Due to solid state switching circuits and capacitors --

All of the 'old rules' have been obliviated.


----------



## martindag (Oct 30, 2009)

I got also a Temperature controler from Omega a CNi16D33 and the input is 110v-240v just like my power supply, do you think it can take a L-L 208vac ?


----------



## psgama (Oct 26, 2015)

Most likely it will be fine.


----------



## triden (Jun 13, 2012)

martindag said:


> here just in case its the link of the power supply im using....
> 
> http://newsroom.cuthbertstewart.co.nz/wp-content/uploads/2016/02/14781100009999.jpg


That's a good supply. Pheonix is another candidate that makes good supplies.


----------



## Jhellwig (Jun 18, 2014)

A little late but they do make 480volt 3phase to 24vdc power supplies. I would imagine that they might also make a 208 3phase version.


----------



## oliquir (Jan 13, 2011)

Jhellwig said:


> A little late but they do make 480volt 3phase to 24vdc power supplies. I would imagine that they might also make a 208 3phase version.

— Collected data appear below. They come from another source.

lemma B_size_eq_1_if_greatest:
  fixes F :: "'a set set"
  defines "S0 \<equiv> below F (real (card (\<Union>F)) / 2)"
  assumes "finite F" and "M \<in> S0" and "M \<noteq> {}" and "\<forall>A\<in>S0. A \<subseteq> M"
  shows "B_size F = 1"
proof -
  let ?sizes = "{card \<S> | \<S>. \<S> \<subseteq> S0 \<and> irredundant \<S> \<and> \<Union>\<S> = \<Union>S0}"
  have finite_S0: "finite S0" using assms(2) unfolding S0_def below_def by simp
  have "?sizes \<subseteq> card ` Pow S0" by blast
  then have "finite ?sizes" using finite_S0 by (meson finite_Pow_iff finite_imageI finite_subset)
  moreover have "1 \<in> ?sizes"
  proof -
    have "irredundant {M}" using assms(4) unfolding irredundant_def irr_def by simp
    moreover have "\<Union>{M} = \<Union>S0" using assms(3,5) by blast
    ultimately show ?thesis using assms(3) by (intro CollectI exI[of _ "{M}"]) auto
  qed
  moreover have "1 \<le> m" if m: "m \<in> ?sizes" for m
  proof -
    obtain \<S> where \<S>: "m = card \<S>" "\<S> \<subseteq> S0" "\<Union>\<S> = \<Union>S0" using m by blast
    then have "\<S> \<noteq> {}" using assms(3,4) by auto
    then show ?thesis using \<S>(1,2) finite_S0 by (simp add: Suc_le_eq card_gt_0_iff finite_subset)
  qed
  ultimately have "Min ?sizes = 1" by (intro Min_eqI) auto
  then show ?thesis unfolding B_size_def Let_def S0_def .
qed

lemma avg_less_half_iff:
  fixes F :: "'a set set"
  assumes "finite F" and "F \<noteq> {}"
  shows "avg F < real n / 2 \<longleftrightarrow> (\<Sum>A\<in>F. 2 * int (card A) - int n) < 0"
proof -
  have "real (card F) > 0" using assms by (simp add: card_gt_0_iff)
  then have "avg F < real n / 2 \<longleftrightarrow> 2 * (\<Sum>A\<in>F. real (card A)) < real n * real (card F)"
    unfolding avg_def by (simp only: pos_divide_less_eq) linarith
  also have "\<dots> \<longleftrightarrow> 2 * (\<Sum>A\<in>F. int (card A)) < int n * int (card F)"
  proof -
    have "real_of_int (2 * (\<Sum>A\<in>F. int (card A))) = 2 * (\<Sum>A\<in>F. real (card A))"
      and "real_of_int (int n * int (card F)) = real n * real (card F)" by simp_all
    then show ?thesis by (simp only: of_int_less_iff[where 'a=real, symmetric])
  qed
  also have "\<dots> \<longleftrightarrow> (\<Sum>A\<in>F. 2 * int (card A) - int n) < 0"
    by (simp add: sum_subtractf sum_distrib_left mult.commute)
  finally show ?thesis .
qed
lemma shmul_expand3:
  fixes q :: "'k::field rq" and a :: "'a::comm_ring_1"
  defines "T \<equiv> \<lambda>u v x. shmul q (shmul q (wsingle u) (wsingle v)) (wsingle x :: 'a list \<Rightarrow> 'k)"
  shows "T (a # U) (b # V) (c # W) =
     pre a (T U (b # V) (c # W)) + pre b (T (a # U) V (c # W)) + pre c (T (a # U) (b # V) W)
   + corr q (a * c) (T U (b # V) W) + corr q (b * c) (T (a # U) V W) + corr q (a * b) (T U V (c # W))
   + corr2 q (a * b * c) (T U V W)"
proof -
  define S1 where "S1 = sh q U (b # V)"
  define S2 where "S2 = sh q (a # U) V"
  define S3 where "S3 = sh q U V"
  have FS: "S1 \<in> FS" "S2 \<in> FS" "S3 \<in> FS" by (simp_all add: S1_def S2_def S3_def)
  have XY: "shmul q (wsingle (a # U)) (wsingle (b # V)) = pre a S1 + pre b S2 + corr q (a * b) S3"
    by (simp add: S1_def S2_def S3_def sh_Cons_Cons)
  have Z: "wsingle (c # W) = (pre c (wsingle W) :: 'a list \<Rightarrow> 'k)" by (simp add: pre_wsingle)
  have pre_c: "pre c (shmul q (pre a S1) (wsingle W)) + pre c (shmul q (pre b S2) (wsingle W))
      + pre c (shmul q (corr q (a * b) S3) (wsingle W)) = pre c (T (a # U) (b # V) W)"
    using FS unfolding T_def XY by (simp add: shmul_add_left pre_add)
  have "T (a # U) (b # V) (c # W) = shmul q (pre a S1) (pre c (wsingle W))
      + shmul q (pre b S2) (pre c (wsingle W)) + shmul q (corr q (a * b) S3) (pre c (wsingle W))"
    using FS unfolding T_def XY Z by (simp add: shmul_add_left)
  also have "\<dots> = pre a (shmul q S1 (pre c (wsingle W))) + pre c (shmul q (pre a S1) (wsingle W))
      + corr q (a * c) (shmul q S1 (wsingle W))
      + (pre b (shmul q S2 (pre c (wsingle W))) + pre c (shmul q (pre b S2) (wsingle W))
      + corr q (b * c) (shmul q S2 (wsingle W)))
      + (corr q (a * b) (shmul q S3 (pre c (wsingle W))) + pre c (shmul q (corr q (a * b) S3) (wsingle W))
      + corr2 q (a * b * c) (shmul q S3 (wsingle W)))"
    using FS by (simp add: shmul_pre_pre shmul_corr_pre)
  finally show ?thesis
    using pre_c by (simp add: T_def S1_def S2_def S3_def Z algebra_simps)
qed
(* Assume the setting of the context, Assumptions (A1)–(A3), and that $\mathcal{F}_n$ is well-calibrated. Let \[ \lambda_{\text{pessimism}}=\bar C\,\frac{\gamma}{1-\gamma}\,\frac{(1+\sqrt{d_{\mathcal{S}}})\beta_N(\delta)}{\sigma},\qquad\bar C=\max\{C_{\max},k_{\max}\}. \] Then with probability at least $1-\delta$, for all episodes $n=1,\dots,N$, all times $t$ and all $(s_t,a_t)\in\mathcal{S}\times\mathcal{A}$, \[ \gamma^{t+1}\max_{\tilde f\in\mathcal{F}_n}\mathbb{E}_\omega\big[\bar V_c^{\hat\pi}(\tilde f(s_t,a_t)+\omega_t)\big]\le\gamma^t\lambda_{\text{pessimism}}\|\sigma_n(s_t,a_t)\|+\mathbb{E}_{\hat\pi}\Big[\sum_{\tau=t+1}^\infty\gamma^\tau\big(c(s_\tau,a_\tau)+\lambda_{\text{pessimism}}\|\sigma_n(s_\tau,a_\tau)\|\big)\Big], \] where on the right $s_{t+1}=\mu_n(s_t,a_t)+\omega_t$, $s_{\tau+1}=\mu_n(s_\tau,a_\tau)+\omega_\tau$ and $a_\tau=\hat\pi(s_\tau)$ for $\tau\ge t+1$.
   Context: Setting: discounted CMDP with state space $\mathcal{S}\subseteq\mathbb{R}^{d_{\mathcal{S}}}$, compact action space $\mathcal{A}$, unknown dynamics $s_{t+1}=f(s_t,a_t)+\omega_t$, cost $c:\mathcal{S}\times\mathcal{A}\to[0,C_{\max}]$, discount $\gamma\in(0,1)$. (A1) $\omega_t$ i.i.d. zero-mean Gaussian with variance $\sigma^2$. (A2) $f$, reward, $c$ and all $\sigma_n$ Lipschitz with known constants. (A3) each component $f_i$ lies in the RKHS of a kernel $k$ with $\|f_i\|_k\le B$ and $k((s,a),(s,a))\le k_{\max}$. Model: nominal $\mu_n:\mathcal{S}\times\mathcal{A}\to\mathbb{R}^{d_{\mathcal{S}}}$ and uncertainty $\sigma_n$; $\mathcal{F}_{n'}=\{\tilde f:|\tilde f-\mu_{n'}|\le\beta_{n'}\sigma_{n'}\}$; well-calibrated means that with probability $\ge1-\delta$, $f(s,a)\in\mathcal{F}_n=\bigcap_{n'\le n}\mathcal{F}_{n'}$ for all $(s,a)$; $\beta_N(\delta)$ is the calibration constant at episode $N$. $\hat\pi:\mathcal{S}\to\mathcal{A}$ is a deterministic policy and $\bar V_c^{\hat\pi}(s)=\max_{\tilde f\in\mathcal{F}_n}\mathbb{E}_{\hat\pi}[\sum_{t\ge0}\gamma^tc(s_t,a_t)\mid s_0=s]$ with $s_{t+1}=\tilde f(s_t,a_t)+\omega_t$. The left-hand side of the claim equals the expected discounted cost from time $t+1$ on following $\hat\pi$ under the maximizing model $\tilde f$. *)

theory Defs
  imports "HOL-Analysis.Analysis" "HOL-Probability.Probability"
begin

text \<open>Isotropic zero-mean Gaussian on real^'d with per-coordinate standard deviation sig
  (i.e. variance sig^2 times the identity).\<close>
definition gauss_noise :: "real \<Rightarrow> (real^'d) measure" where
  "gauss_noise sig =
     distr (PiM UNIV (\<lambda>i::'d. density lborel (normal_density 0 sig))) borel vec_lambda"

definition noise_seq :: "real \<Rightarrow> (nat \<Rightarrow> real^'d) measure" where
  "noise_seq sig = PiM UNIV (\<lambda>_::nat. gauss_noise sig)"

yes they exist, almost any popular brand of power supply have them, phoenix, weidmuller, meanwell,... 
heres one not too expensive Mean Well DRT-240-24


----------



## MechanicalDVR (Dec 29, 2007)

What is the reason you want a 3 ph power supply as opposed to a single phase 208v to 24v ? What type controls are you using ? Why a power supply instead of just a transformer mounted in your control panel on the equipment ? Why is the 120v needed ?


----------



## Jhellwig (Jun 18, 2014)

A three phase powere dc power supply has less ripple that needs corrected and can handle more power on a smaller foot print. It is the same type of thing with drives. The single phase powered ones are larger than the 3 phase ones.


----------



## MechanicalDVR (Dec 29, 2007)

Jhellwig said:


> A three phase powere dc power supply has less ripple that needs corrected and can handle more power on a smaller foot print. It is the same type of thing with drives. The single phase powered ones are larger than the 3 phase ones.


I missed the vdc in the first post and the swapping out an outlet sounded odd as well.


----------



## JRaef (Mar 23, 2009)

oliquir said:


> yes they exist, almost any popular brand of power supply have them, phoenix, weidmuller, meanwell,...
> heres one not too expensive Mean Well DRT-240-24


I've always thought that was a terrible name for a company. 

"It doesn't work, but they mean well..."


----------



## micromind (Aug 11, 2007)

Jhellwig said:


> A little late but they do make 480volt 3phase to 24vdc power supplies. I would imagine that they might also make a 208 3phase version.


As far as I know, no one does. They're all single phase.


----------